◆ Required work ◆
Exactly the lines below from the one with "set \<Rightarrow> ('a" up to and including the one with "F and F' are" make up the answer, with nothing else added.
Start of Supplied data
text \<open>Bottleneck distance (infimum over \<epsilon> \<ge> 0; \<infinity> if no matching exists).\<close>
definition bottleneck :: "interval multiset \<Rightarrow> interval multiset \<Rightarrow> ereal" where
  "bottleneck A B = Inf {ereal \<epsilon> | \<epsilon>. \<epsilon> \<ge> 0 \<and> (\<exists>M. eps_matching \<epsilon> A B M)}"

text \<open>d_\<infinity> between the labelled merge grams mgm^*(C) and mgm^*(C'):
  maximum over faces of the bottleneck distance of the lifespans
  (with the convention that the maximum over the empty set is 0).\<close>
definition d_inf_mgm_star :: "'a set \<Rightarrow> (real \<Rightarrow> 'a set set) \<Rightarrow> (real \<Rightarrow> 'a set set) \<Rightarrow> ereal" where
  "d_inf_mgm_star X C C' =
     Sup (insert 0 ((\<lambda>\<sigma>. bottleneck (lifespan_mset C \<sigma>) (lifespan_mset C' \<sigma>)) ` pow X))"

definition d_I_facegram :: "(real \<Rightarrow> 'a set set) \<Rightarrow> (real \<Rightarrow> 'a set set) \<Rightarrow> ereal" where
  "d_I_facegram C C' = Inf {ereal \<epsilon> | \<epsilon>. \<epsilon> \<ge> 0 \<and>
      (\<forall>t. faceset_le (C t) (C' (t + \<epsilon>)) \<and> faceset_le (C' t) (C (t + \<epsilon>)))}"

definition d_I_filtration :: "'a set \<Rightarrow> ('a set \<Rightarrow> real) \<Rightarrow> ('a set \<Rightarrow> real) \<Rightarrow> real" where
  "d_I_filtration X F F' = Max (insert 0 ((\<lambda>\<sigma>. \<bar>F \<sigma> - F' \<sigma>\<bar>) ` pow X))"

end

theory Submission
  imports Defs
begin

text \<open>
  The lifespan of a face \<sigma> in the facegram of F is the interval from F \<sigma> to the minimum of F
  over the proper supersets of \<sigma> (unbounded if there are none).  Both endpoints move by at most
  \<open>\<parallel>F - F'\<parallel>\<^sub>\<infinity>\<close> when F is replaced by F', so the lifespans of \<sigma> under F and F' are
  \<open>\<parallel>F - F'\<parallel>\<^sub>\<infinity>\<close>-matched; the interleaving distance of the facegrams equals \<open>\<parallel>F - F'\<parallel>\<^sub>\<infinity>\<close>
  because \<open>C(t) \<le> C'(t + \<epsilon>)\<close> for all t says exactly \<open>F' \<le> F + \<epsilon>\<close>.  Since mgm is the sum over
  all faces of the one-point lifespan multisets, the face-wise matchings add up to a matching of
  the merge grams, which gives the first inequality.
\<close>

lemma finite_pow: "finite X \<Longrightarrow> finite (pow X)"
  unfolding pow_def by (rule finite_subset[of _ "Pow X"]) auto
End of Supplied data
◆ Exercise response ◆
definition d_I_filtration :: "'a set \<Rightarrow> ('a set \<Rightarrow> real) \<Rightarrow> ('a set \<Rightarrow> real) \<Rightarrow> real" where
  "d_I_filtration X F F' = Max (insert 0 ((\<lambda>\<sigma>. \<bar>F \<sigma> - F' \<sigma>\<bar>) ` pow X))"

end

theory Submission
  imports Defs
begin

text \<open>
  The lifespan of a face \<sigma> in the facegram of F is the interval from F \<sigma> to the minimum of F
  over the proper supersets of \<sigma> (unbounded if there are none).  Both endpoints move by at most
  \<open>\<parallel>F - F'\<parallel>\<^sub>\<infinity>\<close> when F is replaced by F', so the lifespans of \<sigma> under F and F' are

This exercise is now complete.